The first book of the Bible, Genesis, introduces us to profound concepts and ideas which then reverberate through the rest of Scripture. The later writers of Israel’s historical narrative and powerful poetry are constantly picking up ideas from Genesis and using them as ‘hooks’ to communicate their message. Every time they use one of these ‘hooks’ it carries the full weight of meaning from its origin and it’s up to us as readers of the Bible to look out for this and take on board their full significance. This use of Genesis ‘hooks’ even extends into the New Testament, here is an example from Genesis 2:7.
“The Lord God formed the man of dust from the ground and breathed into his nostrils the breath of life, and the man became a living creature.”
The instinctive first act of the first man in this narrative is to breathe in that which was breathed out from God – and so to receive life.
The New Testament introduces us to a new, spiritual creation: “Therefore, if anyone is in Christ, he is a new creation” (2 Cor 5:17). As it does so the text uses a hook from Genesis. Take a look at these verses.
“All Scripture is breathed out by God and profitable for teaching, for reproof, for correction, and for training in righteousness, that the man of God may be competent, equipped for every good work.” (2 Tim 3:16,17)
“It is the Spirit who gives life; the flesh is no help at all. The words that I have spoken to you are spirit and life.” (John 6:63)
Just as in Genesis, the new creation in Christ receives something “breathed out” from God which causes life to begin – the revelation of his purpose through the spirit and embodied in Jesus Christ himself.
It is therefore no surprise that when the disciples first saw and believed that Jesus was alive again, John records the event using a ‘hook’ from Genesis.
“When he had said this, he breathed on them and said to them, “Receive the Holy Spirit.”” (John 20:22)
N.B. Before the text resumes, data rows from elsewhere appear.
(* Let $V$ be a real vector space, $R:V\to\mathbb{R}\cup\{+\infty\}$ and $f:\mathbb{R}^m\to\mathbb{R}\cup\{+\infty\}$ convex, $\Phi:V\to\mathbb{R}^m$ linear, $S$ the set of minimizers of $\min_u R(u)+f(\Phi u)$, and $p\in S$ with $R(p)+f(\Phi p)<+\infty$. Let $K=\mathrm{lin}(\{u: R(u)\le R(p)\})$ and $L=\ker\Phi$. Then the minimal face $F(p,S)$ is invariant by $K\cap L$, i.e. $F(p,S)+(K\cap L)\subseteq F(p,S)$.
   Context: A face of a convex set $C$ is a convex $F\subseteq C$ such that every open segment $]x,y[=\{tx+(1-t)y:0<t<1\}$ ($x\ne y$) contained in $C$ which intersects $F$ is contained in $F$; $F(p,C)$ is the intersection of all faces of $C$ containing $p$. The lineality space of a nonempty convex set $C$ is $\mathrm{lin}(C)=\{v: C+\mathbb{R}v\subseteq C\}$. *)

theory Defs
  imports "HOL-Analysis.Analysis"
begin

definition convex_ext :: "('a::real_vector \<Rightarrow> ereal) \<Rightarrow> bool" where
  "convex_ext g \<longleftrightarrow>
     (\<forall>x y t. 0 < t \<and> t < 1 \<longrightarrow>
        g ((1 - t) *\<^sub>R x + t *\<^sub>R y) \<le> ereal (1 - t) * g x + ereal t * g y)"

definition is_face :: "'a::real_vector set \<Rightarrow> 'a set \<Rightarrow> bool" where
  "is_face F C \<longleftrightarrow> F \<subseteq> C \<and> convex F \<and>
     (\<forall>x y. x \<noteq> y \<and> open_segment x y \<subseteq> C \<and> open_segment x y \<inter> F \<noteq> {}
        \<longrightarrow> open_segment x y \<subseteq> F)"

definition min_face :: "'a::real_vector \<Rightarrow> 'a set \<Rightarrow> 'a set" where
  "min_face p C = \<Inter> {F. is_face F C \<and> p \<in> F}"

definition lineality :: "'a::real_vector set \<Rightarrow> 'a set" where
  "lineality C = {v. \<forall>x\<in>C. \<forall>t::real. x + t *\<^sub>R v \<in> C}"

end

theory Submission
  imports Defs
begin

text \<open>For \<open>v \<in> K \<inter> L\<close> the whole line \<open>p + \<real>v\<close> consists of minimizers, since \<open>R\<close> does not increase
  along it and \<open>\<Phi>\<close> is constant on it. Any face of \<open>S\<close> containing \<open>p\<close> then contains this line, as \<open>p\<close>
  lies in the relative interior of the line. Moreover, for a face \<open>F\<close> the points \<open>x \<in> F\<close> whose
  line \<open>x + \<real>v\<close> stays in \<open>F\<close> again form a face. For \<open>F = F(p,S)\<close> this face contains \<open>p\<close>, hence
  all of \<open>F(p,S)\<close>, which is the claimed invariance.\<close>

lemma is_face_Inter:
  assumes "\<FF> \<noteq> {}" "\<And>F. F \<in> \<FF> \<Longrightarrow> is_face F S"
  shows "is_face (\<Inter>\<FF>) S"
proof -
  obtain F0 where "F0 \<in> \<FF>" using assms(1) by blast
  then have "\<Inter>\<FF> \<subseteq> S" using assms(2) unfolding is_face_def by blast
  moreover have "convex (\<Inter>\<FF>)"
    using assms(2) unfolding is_face_def by (intro convex_Inter) blast
  moreover have "open_segment x y \<subseteq> \<Inter>\<FF>"
    if "x \<noteq> y" "open_segment x y \<subseteq> S" "open_segment x y \<inter> \<Inter>\<FF> \<noteq> {}" for x y
    using that assms(2) unfolding is_face_def by (intro Inter_greatest) blast
  ultimately show ?thesis unfolding is_face_def by blast
qed

lemma is_face_min_face:
  assumes "is_face F S" "p \<in> F"
  shows "is_face (min_face p S) S"
  unfolding min_face_def using assms by (intro is_face_Inter) auto

lemma face_contains_line:
  fixes p v :: "'a::real_vector"
  assumes F: "is_face F S" and "p \<in> F" and line: "\<And>s. p + s *\<^sub>R v \<in> S"
  shows "p + t *\<^sub>R v \<in> F"
proof (cases "t = 0 \<or> v = 0")
  case True
  then show ?thesis using \<open>p \<in> F\<close> by auto
next
  case False
  define x where "x = p - t *\<^sub>R v"
  define y where "y = p + (2 * t) *\<^sub>R v"
  have param: "(1 - u) *\<^sub>R x + u *\<^sub>R y = p + ((3 * u - 1) * t) *\<^sub>R v" for u
    unfolding x_def y_def by (simp add: algebra_simps flip: scaleR_add_left)
  have "y - x = (3 * t) *\<^sub>R v"
    unfolding x_def y_def by (simp add: algebra_simps flip: scaleR_add_left)
  then have "x \<noteq> y" using False by auto
  have "open_segment x y \<subseteq> S"
    using line param by (auto simp: in_segment)
  moreover have "p \<in> open_segment x y"
    unfolding in_segment using \<open>x \<noteq> y\<close> param[of "1/3"] by (intro conjI exI[of _ "1/3"]) auto
  ultimately have "open_segment x y \<subseteq> F"
    using F \<open>x \<noteq> y\<close> \<open>p \<in> F\<close> unfolding is_face_def by blast
  moreover have "p + t *\<^sub>R v \<in> open_segment x y"
    unfolding in_segment using \<open>x \<noteq> y\<close> param[of "2/3"] by (intro conjI exI[of _ "2/3"]) auto
  ultimately show ?thesis by blast
qed

lemma open_unit_interval_convex_decomposition:
  fixes a b :: real
  assumes "0 < a" "a < 1" "0 < b" "b < 1"
  obtains c \<mu> where "0 < c" "c < 1" "0 < \<mu>" "\<mu> \<le> 1" "(1 - \<mu>) * c + \<mu> * a = b"
proof (cases "b \<le> a")
  case True
  define \<mu> where "\<mu> = b / (2 * a - b)"
  have "2 * a - b > 0" using assms True by simp
  then have "\<mu> * (2 * a - b) = b" "0 < \<mu>" "\<mu> \<le> 1"
    using assms True unfolding \<mu>_def by (auto simp: field_simps)
  moreover have "(1 - \<mu>) * (b / 2) + \<mu> * a = b / 2 + \<mu> * (2 * a - b) / 2"
    by (simp add: field_simps)
  ultimately show ?thesis using that[of "b / 2" \<mu>] assms by simp
next
  case False
  define \<mu> where "\<mu> = (1 - b) / (1 + b - 2 * a)"
  have "1 + b - 2 * a > 0" using assms False by simp
  then have "\<mu> * (1 + b - 2 * a) = 1 - b" "0 < \<mu>" "\<mu> \<le> 1"
    using assms False unfolding \<mu>_def by (auto simp: field_simps)
  moreover have "(1 - \<mu>) * ((1 + b) / 2) + \<mu> * a = (1 + b) / 2 - \<mu> * (1 + b - 2 * a) / 2"
    by (simp add: field_simps)
  ultimately have "(1 - \<mu>) * ((1 + b) / 2) + \<mu> * a = b"
    by (simp add: field_simps)
  then show ?thesis using that[of "(1 + b) / 2" \<mu>] assms \<open>0 < \<mu>\<close> \<open>\<mu> \<le> 1\<close> by simp
qed

lemma convex_combination_add_line:
  fixes w z v :: "'a::real_vector"
  assumes "convex F" "w \<in> F" "\<And>s. z + s *\<^sub>R v \<in> F" "0 < \<mu>" "\<mu> \<le> 1"
  shows "(1 - \<mu>) *\<^sub>R w + \<mu> *\<^sub>R z + t *\<^sub>R v \<in> F"
proof -
  have "(1 - \<mu>) *\<^sub>R w + \<mu> *\<^sub>R (z + (t / \<mu>) *\<^sub>R v) \<in> F"
    using assms unfolding convex_def by auto
  then show ?thesis using \<open>0 < \<mu>\<close> by (simp add: algebra_simps)
qed

lemma convex_points_with_line:
  fixes v :: "'a::real_vector"
  assumes "convex F"
  shows "convex {x \<in> F. \<forall>t. x + t *\<^sub>R v \<in> F}"
  unfolding convex_def
proof (intro ballI allI impI CollectI conjI)
  fix x y t and u w :: real
  assume x: "x \<in> {x \<in> F. \<forall>t. x + t *\<^sub>R v \<in> F}" and y: "y \<in> {x \<in> F. \<forall>t. x + t *\<^sub>R v \<in> F}"
    and uw: "0 \<le> u" "0 \<le> w" "u + w = 1"
  show "u *\<^sub>R x + w *\<^sub>R y \<in> F"
    using x y uw assms unfolding convex_def by blast
  have "u *\<^sub>R (x + t *\<^sub>R v) + w *\<^sub>R (y + t *\<^sub>R v) \<in> F"
    using x y uw assms unfolding convex_def by blast
  moreover have "u *\<^sub>R (x + t *\<^sub>R v) + w *\<^sub>R (y + t *\<^sub>R v) = u *\<^sub>R x + w *\<^sub>R y + (u + w) *\<^sub>R (t *\<^sub>R v)"
    by (simp add: algebra_simps)
  ultimately show "u *\<^sub>R x + w *\<^sub>R y + t *\<^sub>R v \<in> F" using uw by simp
qed

lemma is_face_points_with_line:
  fixes v :: "'a::real_vector"
  assumes F: "is_face F S"
  shows "is_face {x \<in> F. \<forall>t. x + t *\<^sub>R v \<in> F} S"
proof -
  let ?G = "{x \<in> F. \<forall>t. x + t *\<^sub>R v \<in> F}"
  have "F \<subseteq> S" and "convex F" using F unfolding is_face_def by auto
  have "open_segment x y \<subseteq> ?G"
    if xy: "x \<noteq> y" and "open_segment x y \<subseteq> S" and "open_segment x y \<inter> ?G \<noteq> {}" for x y
  proof
    fix w assume "w \<in> open_segment x y"
    from \<open>open_segment x y \<inter> ?G \<noteq> {}\<close> obtain z where "z \<in> open_segment x y" and zG: "z \<in> ?G"
      by blast
    then have seg_F: "open_segment x y \<subseteq> F"
      using F that unfolding is_face_def by blast
    obtain a where a: "0 < a" "a < 1" "z = (1 - a) *\<^sub>R x + a *\<^sub>R y"
      using \<open>z \<in> open_segment x y\<close> by (auto simp: in_segment)
    obtain b where b: "0 < b" "b < 1" "w = (1 - b) *\<^sub>R x + b *\<^sub>R y"
      using \<open>w \<in> open_segment x y\<close> by (auto simp: in_segment)
    \<comment> \<open>Write \<open>w\<close> between \<open>z\<close> and another point \<open>w'\<close> of the segment; then
      \<open>w + t v = (1 - \<mu>) w' + \<mu> (z + (t / \<mu>) v)\<close> lies in the convex set \<open>F\<close>.\<close>
    obtain c \<mu> where c: "0 < c" "c < 1" "0 < \<mu>" "\<mu> \<le> 1" "(1 - \<mu>) * c + \<mu> * a = b"
      using open_unit_interval_convex_decomposition[OF a(1,2) b(1,2)] .
    define w' where "w' = (1 - c) *\<^sub>R x + c *\<^sub>R y"
    have "w' \<in> open_segment x y" unfolding w'_def in_segment using xy c(1,2) by blast
    then have "w' \<in> F" using seg_F by blast
    have param: "(1 - d) *\<^sub>R x + d *\<^sub>R y = x + d *\<^sub>R (y - x)" for d
      by (simp add: algebra_simps)
    have "(1 - \<mu>) *\<^sub>R w' + \<mu> *\<^sub>R z = x + ((1 - \<mu>) * c + \<mu> * a) *\<^sub>R (y - x)"
      unfolding w'_def a(3) param by (simp add: algebra_simps)
    then have w_eq: "w = (1 - \<mu>) *\<^sub>R w' + \<mu> *\<^sub>R z" using c(5) b(3) param by simp
    have "w + t *\<^sub>R v \<in> F" for t
      unfolding w_eq using zG by (intro convex_combination_add_line[OF \<open>convex F\<close> \<open>w' \<in> F\<close> _ c(3,4)]) blast
    then show "w \<in> ?G" using \<open>w \<in> open_segment x y\<close> seg_F by blast
  qed
  moreover have "?G \<subseteq> S" using \<open>F \<subseteq> S\<close> by blast
  ultimately show ?thesis
    using convex_points_with_line[OF \<open>convex F\<close>, of v] unfolding is_face_def by blast
qed

lemma min_face_add_line_direction:
  fixes p v :: "'a::real_vector"
  assumes line: "\<And>s. p + s *\<^sub>R v \<in> S" and x: "x \<in> min_face p S"
  shows "x + v \<in> min_face p S"
proof (cases "\<exists>F. is_face F S \<and> p \<in> F")
  case False
  then have "min_face p S = UNIV" unfolding min_face_def by auto
  then show ?thesis by simp
next
  case True
  let ?F = "min_face p S"
  let ?G = "{y \<in> ?F. \<forall>t. y + t *\<^sub>R v \<in> ?F}"
  have "is_face ?F S" using True is_face_min_face by blast
  have "p + t *\<^sub>R v \<in> ?F" for t
    unfolding min_face_def using face_contains_line[OF _ _ line] by blast
  from this[of 0] this have "p \<in> ?G" by simp
  moreover have "is_face ?G S" using is_face_points_with_line[OF \<open>is_face ?F S\<close>] .
  ultimately have "?F \<subseteq> ?G" unfolding min_face_def[of p S] by (intro Inter_lower) simp
  then have "x + 1 *\<^sub>R v \<in> ?F" using x by blast
  then show ?thesis by simp
qed

theorem mainTheorem6:
  fixes R :: "'a::real_vector \<Rightarrow> ereal"
    and f :: "real ^ 'm \<Rightarrow> ereal"
    and \<Phi> :: "'a \<Rightarrow> real ^ 'm"
    and S :: "'a set"
    and p :: 'a
  assumes R_range: "\<And>u. R u \<noteq> -\<infinity>"
    and f_range: "\<And>z. f z \<noteq> -\<infinity>"
    and R_convex: "convex_ext R"
    and f_convex: "convex_ext f"
    and \<Phi>_linear: "linear \<Phi>"
    and S_def: "S = {u. \<forall>v. R u + f (\<Phi> u) \<le> R v + f (\<Phi> v)}"
    and p_in: "p \<in> S"
    and p_finite: "R p + f (\<Phi> p) < \<infinity>"
  shows "\<forall>x\<in>min_face p S. \<forall>v\<in>lineality {u. R u \<le> R p} \<inter> {w. \<Phi> w = 0}.
           x + v \<in> min_face p S"
proof (intro ballI)
  fix x v
  assume "x \<in> min_face p S" and v: "v \<in> lineality {u. R u \<le> R p} \<inter> {w. \<Phi> w = 0}"
  have "p + s *\<^sub>R v \<in> S" for s
  proof -
    have "R (p + s *\<^sub>R v) \<le> R p" using v unfolding lineality_def by auto
    moreover have "\<Phi> (p + s *\<^sub>R v) = \<Phi> p" using v \<Phi>_linear by (simp add: linear_add linear_scale)
    ultimately have "R (p + s *\<^sub>R v) + f (\<Phi> (p + s *\<^sub>R v)) \<le> R p + f (\<Phi> p)"
      by (simp add: add_right_mono)
    then show ?thesis using p_in unfolding S_def by (auto intro: order_trans)
  qed
  then show "x + v \<in> min_face p S"
    using min_face_add_line_direction \<open>x \<in> min_face p S\<close> by blast
qed

end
They did not receive the gifts of power at this stage, that only occurred after his ascension (Acts 1:5). So what did they receive? The context suggests they were filled with the overwhelming conviction that Jesus was indeed raised from the dead and the courage which qualified them to witness to that fact to the world.
So at the beginning of the new creation in Christ, when the Apostles first truly believed, Jesus is described as breathing on them in a manner reminiscent of the Genesis creation, leading us to realise that this new beginning in Jesus is every bit as momentous as the creation of life itself.
May we take our opportunity to breathe deeply of that which God has graciously breathed out for us. For to us it is spirit and it is life, and without it, just as if we were to hold our breath too long, we perish.